Warning of next big ocean waves
Ocean wave dynamics is the main challenge for all ocean operations. Any information of useful accuracy about instantaneous wave heights and periods is not available today. The key focus is to predict large incoming waves for the next minutes, to be able to decide whether to start a critical lifting operation before or wait for after a big wave. Typically, in the winter time the operability of subsea operations is only about 30%, according to subsea operators. Typically, increasing the limitation on maximum wave heights by just 0.5m can reduce waiting time from one week to one day. Using real-time predictions of next minutes waves and vessel motions, will make it possible to operate in higher sea states than using existing conservative operations criteria, based on weather forecasts.
To develop an industrial solution, this Kongsberg Seatex ECOSTEPS project, funded by the MAROFF program from the Norwegian Research Council, has been started up.
Example of raw data from navigation radar and predicted corresponding wave pattern
ONBOARD REAL-TIME WAVE AND VESSEL MOTION PREDICTIONS AND MEASUREMENTS
Uni Research Polytec, together with Meteorological Institute MET, MIT Ocean Research and Kongsberg Maritime radar specialists, are developing the new RIMARC wave pattern recovery software. Kongsberg is already collecting radar data from a Norwegian coastal ferry. The already promising wave pattern predictions are checked against the new MET advanced wave buoys outside Ålesund. Wave propagation model tests have been carried out at SINTEF Ocean to check the accuracy of a linear wave prediction method and to evaluate the most important non-linear wave effects to be included for the onboard next minutes wave prediction software. SINTEF Ocean is developing a method to calculate real-time vessel motions. Kongsberg VMM-200 (Vessel Motion Monitor) measures and analyzes vessel motions from MRU sensors on the vessel.
FULL SCALE TESTING AND PROTOTYPE DEVELOPMENT ON NORMAND OCEAN
The SolstadFarstad IMR subsea construction vessel Normand Ocean, contracted to Statoil and operated by DeepOcean, has been selected.

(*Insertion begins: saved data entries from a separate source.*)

lemma mset_of_gaps_Cons_decompose:
  fixes p q :: "nat multiset"
  assumes "0 < c" "0 \<notin># q" "p = replicate_mset c g + image_mset (\<lambda>x. x + g) q"
  shows "Min (set_mset p) = g" "count p g = c"
    and "image_mset (\<lambda>x. x - g) (filter_mset (\<lambda>x. x \<noteq> g) p) = q"
proof -
  have "filter_mset (\<lambda>x. x \<noteq> g) (replicate_mset c g) = {#}"
    by simp
  moreover have "filter_mset (\<lambda>x. x + g \<noteq> g) q = q"
    using assms(2) by (auto simp: filter_mset_eq_conv intro: gr0I)
  ultimately have "filter_mset (\<lambda>x. x \<noteq> g) p = image_mset (\<lambda>x. x + g) q"
    using assms(3) by (simp add: filter_mset_image_mset)
  then show "image_mset (\<lambda>x. x - g) (filter_mset (\<lambda>x. x \<noteq> g) p) = q"
    by (simp add: image_mset.compositionality comp_def)
  show "Min (set_mset p) = g"
    using assms by (intro Min_eqI) auto
  have "count (image_mset (\<lambda>x. x + g) q) g = 0"
    using assms(2) by (auto simp: count_eq_zero_iff)
  then show "count p g = c"
    using assms(3) by simp
qed

lemma inj_on_mset_of_gaps: "inj_on (case_prod mset_of_gaps) gap_codes"
proof -
  have "gs = gs' \<and> cs = cs'"
    if "(gs, cs) \<in> gap_codes" "(gs', cs') \<in> gap_codes" "mset_of_gaps gs cs = mset_of_gaps gs' cs'"
    for gs cs gs' cs'
    using that
  proof (induction gs arbitrary: cs gs' cs')
    case Nil
    then show ?case
      by (auto elim: gap_codes_cases)
  next
    case (Cons g gs)
    from Cons.prems(1) obtain c cs1 where cs: "cs = c # cs1" "0 < g" "0 < c" "(gs, cs1) \<in> gap_codes"
      by (auto elim: gap_codes_cases)
    from Cons.prems(2,3) cs obtain g' gs2 c' cs2 where
      cs': "gs' = g' # gs2" "cs' = c' # cs2" "0 < c'" "(gs2, cs2) \<in> gap_codes"
      by (auto elim: gap_codes_cases)
    let ?p = "mset_of_gaps (g # gs) cs"
    have p: "?p = replicate_mset c g + image_mset (\<lambda>x. x + g) (mset_of_gaps gs cs1)"
      "?p = replicate_mset c' g' + image_mset (\<lambda>x. x + g') (mset_of_gaps gs2 cs2)"
      using Cons.prems(3) cs cs' by simp_all
    note d = mset_of_gaps_Cons_decompose[OF cs(3) zero_not_in_mset_of_gaps[OF cs(4)] p(1)]
    note d' = mset_of_gaps_Cons_decompose[OF cs'(3) zero_not_in_mset_of_gaps[OF cs'(4)] p(2)]
    have "g = g'" "c = c'" "mset_of_gaps gs cs1 = mset_of_gaps gs2 cs2"
      using d d' by metis+
    with Cons.IH[OF cs(4) cs'(4)] cs cs' show ?case
      by simp
  qed
  then show ?thesis
    by (auto intro!: inj_onI)
qed

lemma mset_of_gaps_surj:
  "0 \<notin># p \<Longrightarrow> \<exists>gs cs. (gs, cs) \<in> gap_codes \<and> mset_of_gaps gs cs = p"
proof (induction "size p" arbitrary: p rule: less_induct)
  case less
  show ?case
  proof (cases "p = {#}")
    case True
    then show ?thesis
      by (intro exI[of _ "[]"]) (simp add: gap_codes_def)
  next
    case False
    define g where "g = Min (set_mset p)"
    define c where "c = count p g"
    define q where "q = image_mset (\<lambda>x. x - g) (filter_mset (\<lambda>x. x \<noteq> g) p)"
    have "g \<in># p"
      using False by (simp add: g_def)
    then have "0 < g" "0 < c"
      using less.prems by (auto simp: c_def intro: gr0I)
    have above: "g < x" if "x \<in># p" "x \<noteq> g" for x
      using that by (auto simp: g_def order.not_eq_order_implies_strict)
    have "0 \<notin># q"
    proof
      assume "0 \<in># q"
      then obtain x where "x \<in># p" "x \<noteq> g" "x \<le> g"
        by (auto simp: q_def)
      with above show False
        by (meson leD)
    qed
    have shift_back: "image_mset (\<lambda>x. x + g) q = image_mset id (filter_mset (\<lambda>x. x \<noteq> g) p)"
      unfolding q_def image_mset.compositionality
    proof (rule image_mset_cong)
      fix x assume "x \<in># filter_mset (\<lambda>x. x \<noteq> g) p"
      then have "x \<in># p" "x \<noteq> g"
        by simp_all
      then have "g < x"
        by (rule above)
      then show "((\<lambda>x. x + g) \<circ> (\<lambda>x. x - g)) x = id x"
        by (simp add: less_imp_le)
    qed
    have "p = filter_mset (\<lambda>x. x \<noteq> g) p + filter_mset (\<lambda>x. \<not> x \<noteq> g) p"
      by (rule multiset_partition)
    also have "\<dots> = replicate_mset c g + image_mset (\<lambda>x. x + g) q"
      by (simp add: shift_back c_def filter_eq_replicate_mset add.commute)
    finally have p: "p = replicate_mset c g + image_mset (\<lambda>x. x + g) q" .
    have "size q < size p"
      using \<open>0 < c\<close> by (subst p) simp
    then obtain gs cs where "(gs, cs) \<in> gap_codes" "mset_of_gaps gs cs = q"
      using less.hyps \<open>0 \<notin># q\<close> by blast
    with p \<open>0 < g\<close> \<open>0 < c\<close> show ?thesis
      by (intro exI[of _ "g # gs"] exI[of _ "c # cs"]) (simp add: Cons_in_gap_codes_iff)
  qed
qed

The accuracy of the next minutes wave prediction will also be checked against data from the Miros Wave Finder in the bow of the vessel. Typically a radar measurement of waves 2km away will reach the vessel in about 5 minutes. Kongsberg Seatex has set up all systems and software in their laboratory in Trondheim to be tested remotely before onboard full-scale testing.
DEVELOPING PROTOTYPE DECISION SUPPORT SYSTEM BASED ON A DIGITAL TWIN
A prototype decision support system will be based on the Kongsberg VMM200 system, including a real-time digital twin of the MHS module handling lifting system in the MacGregor C-HOW simulator, with real-time wave and vessel motions as input. The goal is to run the real-time decision support simulator in parallel with the real operations for continuous guidance on operating margins both to start earlier and during the
operation. Two visualization screens will be located on the bridge, one for the wave and motion predictions, and one for the C-How simulator. Both offshore manager, MHS lifting-, crane-, ROV-, and DP operators
also want visualization screens on their workplace. The MacGregor C-How simulator is based on gaming technology including realistic physical models to be improved against onboard real-time measurements to achieve accurate behavior. The most critical during MHS lifting operations is to predict large waves and vessel motions ahead in time to check dynamic forces and motions
during lifting of modules in air and to avoid snap load during immersion through splash zone.
The onboard C-HOW simulator of the MHS lifting system will use real-time wave and vessel motions as input.
NEW PROJECT SUBSEA CRANE LIFTING OVER SHIP SIDE
Because ECOSTEPS only covers MHS lifting operations through the moonpool, a new spin-off project with focus on subsea crane operations is also to be started. The focus will
be on immersion of objects in wave drop zone and lifting from deck, by combining onboard real-time calculations and measurements. Highly efficient panel methods will be further
developed for onboard real-time calculations of slamming forces during immersion of objects in wave drop zone to avoid snap loads. Predicted wave pattern in drop zone will be further developed by MIT’s WAMIT software for including the influence of the vessel motions on the waves around the vessel. Vessel heading optimization will be based on reduction of minimum vessel motions and dynamic forces during immersion of object through the splash zone.
GREAT POTENTIAL FOR IMPROVEMENT OF WAVE FORECAST MODELS
In the future RIMARC wave recovery data from offshore vessels in the North Sea is to be coupled together in a system with AIS marine traffic vessel position data to be used for online wave forecast.